Шиллинглоу остановился у начала узенькой тропки, одной из тех, что принято называть «стёжками», и подождал, пока Дэвид подойдет.

— Добренького вам дня, сэр, — громко поздоровался он. — Надобно дать Бесс передохнуть — издалече шлепаем, аж от самого Крофордджона. Занесло меня туды вчерась глянуть на камберлендских овечек, их надысь в наши края завезли. Разумею я, не приживутся они у нас. Мож, они для тамошних зеленых лугов и ладны — тама корма хычь ногой топчи, а вот верещатники ни в коем разе не по ним… Присядемте-ка, сэр. Вы-то как в этакую даль забрели? Не ко мне ли в Риверсло отправились?

Дэвид с удовольствием растянулся на склоне рядом с ним. Фермеру хотелось поболтать, да и сам он давненько не разговаривал с соседями.

— Я просто прогуливаюсь, — объяснил пастор, — отдыхаю душой и телом. Временами мне кажется, что в Вудили и вдоха свободно сделать нельзя.

— Угу, — подтвердил мужчина. — Истину речете! Так оно и есть. — Он криво улыбнулся и с прищуром посмотрел на священника.

— Вы родились в этом приходе? — спросил Дэвид.

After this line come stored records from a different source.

lemma phase_state_peak:
  assumes "phase_state n m S j" "Suc j < length (row m)"
  shows "peak S (row m ! j)"
proof -
  have "level (row m ! j) = Suc m"
    using assms(2) by (simp add: level_row)
  moreover have "(row m ! j, row m ! Suc j) \<in> links_at (Suc m) S"
    using assms unfolding phase_state_def chain_links_def by blast
  ultimately show ?thesis
    using assms(1) unfolding peak_iff phase_state_def links_at_def by auto
qed

lemma phase_state_transform:
  assumes st: "phase_state n m S j" and tr: "sum_transform S U S'" and lv: "level U = Suc m"
  shows "Suc j < length (row m) \<and> U = row m ! j \<and> canonical_sums S' \<and>
    heads S' = insert (row m ! Suc j) (heads S - {row m ! j}) \<and>
    links S' = links S \<union> children_links {(row m ! j, row m ! Suc j)}"
proof -
  obtain W where head: "U \<in> heads S" and link: "(U, W) \<in> links S" and "canonical_sums S'"
    and "heads S' = insert W (heads S - {U})" and "links S' = links S \<union> children_links {(U, W)}"
    using st tr unfolding phase_state_def by (blast elim: sum_transform_canonical)
  have chain: "(U, W) \<in> chain_links (row m)"
    using st link lv unfolding phase_state_def links_at_def by blast
  then have "U \<noteq> last (row m)"
    by (rule chain_links_fst_neq_last[OF distinct_row])
  moreover have "U \<in> {row m ! j, last (row m)}"
    using st head lv unfolding phase_state_def heads_at_def by blast
  ultimately have U: "U = row m ! j"
    by blast
  have "Suc j < length (row m)"
  proof (rule ccontr)
    assume "\<not> Suc j < length (row m)"
    moreover have "j < length (row m)"
      using st unfolding phase_state_def by blast
    ultimately have "j = length (row m) - 1"
      by linarith
    then show False
      using \<open>U \<noteq> last (row m)\<close> U by (simp add: last_conv_nth row_ne_Nil)
  qed
  moreover from this have "(U, row m ! Suc j) \<in> chain_links (row m)"
    unfolding U chain_links_def by blast
  with chain have "W = row m ! Suc j"
    by (rule chain_links_functional[OF distinct_row])
  ultimately show ?thesis
    using U \<open>canonical_sums S'\<close> \<open>heads S' = _\<close> \<open>links S' = _\<close> by blast
qed
(* Let $d\ge3$ and consider the two-link parallel network with unit demand and latencies $\ell_1(x_1)=x_1^d$ and $\ell_2(x_2)=\left(\frac{d-1}{d}\right)^d$ (constant). Then $\mathcal{T}(c)\ne\emptyset$ if and only if $c\le\left(\frac{d-1}{d}\right)^{d-1}$; for such $c$, $\mathcal{T}(c)=\{(c,c)\}$ and the induced flow is $x(c)=x(0)=\left(\frac{d-1}{d},\frac1d\right)$. With the convention that $\sup_{t\in\emptyset}C(x(t))=\infty$, it follows that $$\inf_{c\in\mathbb{R}_+}\ \sup_{t\in\mathcal{T}(c)}\frac{C(x(t))}{C(x^* )}=\frac{(d+1)^{(d+1)/d}}{(d+1)^{(d+1)/d}-(d-1)},$$ where $x^*=\left(\frac{d-1}{d(d+1)^{1/d}},\,1-\frac{d-1}{d(d+1)^{1/d}}\right)$ is the optimal flow; this quantity tends to $\infty$ as $d\to\infty$.
   Context: Flows $x\in\mathbb{R}^2_+$ with $x_1+x_2=1$; $C(x)=\sum_i\ell_i(x_i)x_i$; $x^*$ minimizes $C$. For tolls $t\in\mathbb{R}^2_+$, $x(t)$ is the unique Wardrop equilibrium for $t$ (for all $i,j$ with $x_i>0$: $\ell_i(x_i)+t_i\le\ell_j(x_j)+t_j$); $x(0)$ is the untolled one. Profit $\Pi_i(t)=t_ix_i(t)$. For $c\in\mathbb{R}_+$, $\mathcal{T}(c)$ is the set of toll vectors with $0\le t_i\le c$ such that for every $i$ and every $t'_i\in[0,c]$, $\Pi_i(t_i,t_{-i})\ge\Pi_i(t'_i,t_{-i})$ (flow recomputed as the Wardrop equilibrium). *)

theory Defs
  imports "HOL-Analysis.Analysis"
begin

definition feasible_flow :: "real \<times> real \<Rightarrow> bool" where
  "feasible_flow x \<longleftrightarrow> fst x \<ge> 0 \<and> snd x \<ge> 0 \<and> fst x + snd x = 1"

text \<open>Wardrop equilibrium for toll vector t: every used link has minimal
tolled latency (the cases i = j are trivial).\<close>
definition wardrop ::
  "(real \<Rightarrow> real) \<Rightarrow> (real \<Rightarrow> real) \<Rightarrow> real \<times> real \<Rightarrow> real \<times> real \<Rightarrow> bool" where
  "wardrop l1 l2 t x \<longleftrightarrow> feasible_flow x
     \<and> (fst x > 0 \<longrightarrow> l1 (fst x) + fst t \<le> l2 (snd x) + snd t)
     \<and> (snd x > 0 \<longrightarrow> l2 (snd x) + snd t \<le> l1 (fst x) + fst t)"

text \<open>x(t): the (unique) Wardrop equilibrium for tolls t.\<close>
definition eq_flow ::
  "(real \<Rightarrow> real) \<Rightarrow> (real \<Rightarrow> real) \<Rightarrow> real \<times> real \<Rightarrow> real \<times> real" where
  "eq_flow l1 l2 t = (THE x. wardrop l1 l2 t x)"

definition social_cost :: "(real \<Rightarrow> real) \<Rightarrow> (real \<Rightarrow> real) \<Rightarrow> real \<times> real \<Rightarrow> real" where
  "social_cost l1 l2 x = l1 (fst x) * fst x + l2 (snd x) * snd x"

definition profit1 :: "(real \<Rightarrow> real) \<Rightarrow> (real \<Rightarrow> real) \<Rightarrow> real \<times> real \<Rightarrow> real" where
  "profit1 l1 l2 t = fst t * fst (eq_flow l1 l2 t)"

definition profit2 :: "(real \<Rightarrow> real) \<Rightarrow> (real \<Rightarrow> real) \<Rightarrow> real \<times> real \<Rightarrow> real" where
  "profit2 l1 l2 t = snd t * snd (eq_flow l1 l2 t)"

definition toll_eq :: "(real \<Rightarrow> real) \<Rightarrow> (real \<Rightarrow> real) \<Rightarrow> real \<Rightarrow> (real \<times> real) set" where
  "toll_eq l1 l2 c = {t. 0 \<le> fst t \<and> fst t \<le> c \<and> 0 \<le> snd t \<and> snd t \<le> c
     \<and> (\<forall>t1' \<in> {0..c}. profit1 l1 l2 t \<ge> profit1 l1 l2 (t1', snd t))
     \<and> (\<forall>t2' \<in> {0..c}. profit2 l1 l2 t \<ge> profit2 l1 l2 (fst t, t2'))}"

— Неа. Я из дальних краев. Так тута своим и не заделался, хычь годков десяток, а то и поболе как обитаю в Риверсло. Отец мой, честный малый, из Гленкенса, а матушка из Нортумберленда. Обосновались они в Данскоре, тама я и народился, но был я по младости буйной головушкой, на месте мне не сиделось, скитался по всему Лоуленду, от Форта до Солуэя. А ныне дом мой в Вудили, похоже, тут мне и лежать в землице.

У Шиллинглоу был неместный говор, и Дэвиду показалось, что эти края так и не стали ему родными и интересы и чаяния Вудили далеки от него. Он смотрел на Риверсло, растянувшегося рядом и прижимающего одной ногой поводья лошади: вид у того был уверенный, решительный, не без приязни.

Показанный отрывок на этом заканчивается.